▶ [INFORMATION SUPPLIED]:
text \<open>A symmetric function (given by its monomial coefficients) is p-positive
  if it is a finite linear combination of power sums p_nu with nonnegative
  coefficients (the expansion in the basis p_nu being unique).\<close>
definition p_positive :: "(nat list \<Rightarrow> real) \<Rightarrow> bool" where
  "p_positive f \<longleftrightarrow> (\<exists>S c. finite S \<and> (\<forall>nu\<in>S. partition nu) \<and> (\<forall>nu\<in>S. 0 \<le> c nu) \<and>
      (\<forall>alpha. f alpha = (\<Sum>nu\<in>S. c nu * p_coeff nu alpha)))"

end

theory Submission
  imports Defs
begin

text \<open>Every power sum p_nu contains the monomial x_1^|nu| with coefficient 1, so a
  nonnegative combination of power sums that has no monomial x_1^n at all is zero.
  On the other hand, Q_{lambda/mu} has no monomial x_1^n when the diagram contains
  the boxes (i,j), (i,j+1), (i+1,j+1): with letters 1' < 1 only, the box (i,j+1)
  must hold 1' because 1 cannot appear twice in its column, and then the box (i,j)
  must hold 1' too, a second 1' in the row. Yet Q_{lambda/mu} is nonzero, since
  every diagram has a tableau.\<close>

definition tableaux_of_content :: "nat list \<Rightarrow> nat list \<Rightarrow> nat list \<Rightarrow> (nat \<times> nat \<Rightarrow> nat) set" where
  "tableaux_of_content la mu alpha = {T. marked_shifted_tableau la mu T \<and>
      (\<forall>i\<ge>1. card {b \<in> shifted_skew la mu. letter_abs (T b) = i} = expo alpha i)}"

lemma Q_coeff_eq_card: "Q_coeff la mu alpha = real (card (tableaux_of_content la mu alpha))"
  unfolding Q_coeff_def tableaux_of_content_def ..

lemma part_le_sum_list: "part l r \<le> sum_list l"
  unfolding part_def using elem_le_sum_list[of "r - 1" l] by auto

lemma shifted_skew_bounded:
  assumes "(r, c) \<in> shifted_skew la mu"
  shows "r + c < 2 * length la + sum_list la"
  using assms part_le_sum_list[of la r] unfolding shifted_skew_def by auto

lemma finite_shifted_skew: "finite (shifted_skew la mu)"
proof -
  let ?K = "2 * length la + sum_list la"
  have "shifted_skew la mu \<subseteq> {..<?K} \<times> {..<?K}"
    using shifted_skew_bounded by fastforce
  then show ?thesis
    by (rule finite_subset) simp
qed

lemma marked_shifted_tableau_outside:
  "marked_shifted_tableau la mu T \<Longrightarrow> b \<notin> shifted_skew la mu \<Longrightarrow> T b = 0"
  unfolding marked_shifted_tableau_def Let_def by blast

lemma marked_shifted_tableau_inside:
  "marked_shifted_tableau la mu T \<Longrightarrow> b \<in> shifted_skew la mu \<Longrightarrow> 1 \<le> T b"
  unfolding marked_shifted_tableau_def Let_def by blast

lemma letter_abs_in_content:
  assumes T: "T \<in> tableaux_of_content la mu alpha" and b: "b \<in> shifted_skew la mu"
  shows "1 \<le> letter_abs (T b)" and "0 < expo alpha (letter_abs (T b))"
proof -
  let ?D = "shifted_skew la mu" and ?k = "letter_abs (T b)"
  have "1 \<le> T b"
    using T b marked_shifted_tableau_inside unfolding tableaux_of_content_def by blast
  then show k: "1 \<le> ?k"
    unfolding letter_abs_def by simp
  have "b \<in> {b' \<in> ?D. letter_abs (T b') = ?k}"
    using b by simp
  moreover have "finite {b' \<in> ?D. letter_abs (T b') = ?k}"
    using finite_shifted_skew[of la mu] by simp
  ultimately have "0 < card {b' \<in> ?D. letter_abs (T b') = ?k}"
    using card_gt_0_iff by blast
  then show "0 < expo alpha ?k"
    using T k unfolding tableaux_of_content_def by simp
qed

lemma finite_tableaux_of_content: "finite (tableaux_of_content la mu alpha)"
proof -
  let ?D = "shifted_skew la mu"
  have "tableaux_of_content la mu alpha \<subseteq>
      {T. \<forall>b. (b \<in> ?D \<longrightarrow> T b \<in> {..2 * length alpha}) \<and> (b \<notin> ?D \<longrightarrow> T b = 0)}"
  proof (intro subsetI CollectI allI conjI impI)
    fix T b assume T: "T \<in> tableaux_of_content la mu alpha"
    {
      assume b: "b \<in> ?D"
      have "letter_abs (T b) \<le> length alpha"
        using letter_abs_in_content(2)[OF T b] unfolding expo_def part_def
        by (auto split: if_splits)
      then show "T b \<in> {..2 * length alpha}"
        unfolding letter_abs_def by simp
    next
      assume "b \<notin> ?D"
      then show "T b = 0"
        using T marked_shifted_tableau_outside unfolding tableaux_of_content_def by blast
    }
  qed
  moreover have "finite {T. \<forall>b. (b \<in> ?D \<longrightarrow> T b \<in> {..2 * length alpha}) \<and> (b \<notin> ?D \<longrightarrow> T b = 0)}"
    by (rule finite_set_of_finite_funs[OF finite_shifted_skew]) simp
  ultimately show ?thesis
    by (rule finite_subset)
qed

lemma tableau_has_content:
  assumes "marked_shifted_tableau la mu T"
  shows "\<exists>alpha. T \<in> tableaux_of_content la mu alpha"
proof -
  let ?D = "shifted_skew la mu"
  let ?m = "\<lambda>i. card {b \<in> ?D. letter_abs (T b) = i}"
  define N where "N = Max (insert 0 ((\<lambda>b. letter_abs (T b)) ` ?D))"
  define alpha where "alpha = map ?m [1..<N + 1]"
  have "?m i = expo alpha i" if "1 \<le> i" for i
  proof (cases "i \<le> N")
    case True
    then have "[1..<N + 1] ! (i - 1) = i"
      using that by (subst nth_upt) auto
    then show ?thesis
      using True that unfolding alpha_def expo_def part_def by (simp del: upt_Suc)
  next
    case False
    have "letter_abs (T b) \<le> N" if "b \<in> ?D" for b
      unfolding N_def using that finite_shifted_skew[of la mu] by (intro Max_ge) auto
    then have "{b \<in> ?D. letter_abs (T b) = i} = {}"
      using False by fastforce
    moreover have "expo alpha i = 0"
      using False unfolding alpha_def expo_def part_def by simp
    ultimately show ?thesis
      by (metis card.empty)
  qed
  then show ?thesis
    using assms unfolding tableaux_of_content_def by auto
qed

text \<open>Row and column indices are at least 1 on the diagram, so 2(r+c) encodes an
  unmarked letter, and it increases strictly along rows and columns.\<close>
lemma marked_shifted_tableau_exists: "\<exists>T. marked_shifted_tableau la mu T"
proof -
  let ?D = "shifted_skew la mu"
  define T where "T = (\<lambda>b. if b \<in> ?D then 2 * (fst b + snd b) else 0)"
  have "1 \<le> r" if "(r, c) \<in> ?D" for r c
    using that unfolding shifted_skew_def by simp
  then have "marked_shifted_tableau la mu T"
    unfolding marked_shifted_tableau_def Let_def letter_marked_def T_def by fastforce
  then show ?thesis
    by blast
qed

lemma Q_coeff_not_identically_zero: "\<exists>alpha. Q_coeff la mu alpha \<noteq> 0"
proof -
  obtain T where "marked_shifted_tableau la mu T"
    using marked_shifted_tableau_exists by blast
  then obtain alpha where "T \<in> tableaux_of_content la mu alpha"
    using tableau_has_content by blast
  then have "card (tableaux_of_content la mu alpha) \<noteq> 0"
    using finite_tableaux_of_content by (auto simp: card_eq_0_iff)
  then show ?thesis
    unfolding Q_coeff_eq_card by auto
qed

lemma no_tableau_in_one_letter:
  assumes "(i, j) \<in> shifted_skew la mu"
    and "(i, j + 1) \<in> shifted_skew la mu"
    and "(i + 1, j + 1) \<in> shifted_skew la mu"
  shows "tableaux_of_content la mu [n] = {}"
proof (rule ccontr)
  assume "tableaux_of_content la mu [n] \<noteq> {}"
  then obtain T where T: "T \<in> tableaux_of_content la mu [n]"
    by blast
  have only_1: "T b \<in> {1, 2}" if "b \<in> shifted_skew la mu" for b
  proof -
    have "letter_abs (T b) = 1"
      using letter_abs_in_content[OF T that] unfolding expo_def part_def
      by (auto split: if_splits)
    then show ?thesis
      unfolding letter_abs_def by auto
  qed
  have "marked_shifted_tableau la mu T"
    using T unfolding tableaux_of_content_def by blast
  then have col: "T (i, j + 1) \<le> T (i + 1, j + 1)"
    and col_unmarked: "\<not> letter_marked (T (i, j + 1)) \<Longrightarrow> T (i, j + 1) \<noteq> T (i + 1, j + 1)"
    and row: "T (i, j) \<le> T (i, j + 1)"
    and row_marked: "letter_marked (T (i, j)) \<Longrightarrow> T (i, j) \<noteq> T (i, j + 1)"
    using assms unfolding marked_shifted_tableau_def Let_def by auto
  have "T (i, j + 1) = 1"
    using col col_unmarked only_1[OF assms(2)] only_1[OF assms(3)]
    unfolding letter_marked_def by auto
  then show False
    using row row_marked only_1[OF assms(1)] unfolding letter_marked_def by auto
qed

lemma Q_coeff_one_variable:
  assumes "(i, j) \<in> shifted_skew la mu"
    and "(i, j + 1) \<in> shifted_skew la mu"
    and "(i + 1, j + 1) \<in> shifted_skew la mu"
  shows "Q_coeff la mu [n] = 0"
  unfolding Q_coeff_eq_card no_tableau_in_one_letter[OF assms] by simp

▶ [WHAT IS NEEDED]:
Please repeat word for word the lines above that run from the beginning through the line containing "coefficients (the expansion", keeping both the first and that last line.

▶ [ANSWER TO THIS EXERCISE]:
text \<open>A symmetric function (given by its monomial coefficients) is p-positive
  if it is a finite linear combination of power sums p_nu with nonnegative
  coefficients (the expansion in the basis p_nu being unique).\<close>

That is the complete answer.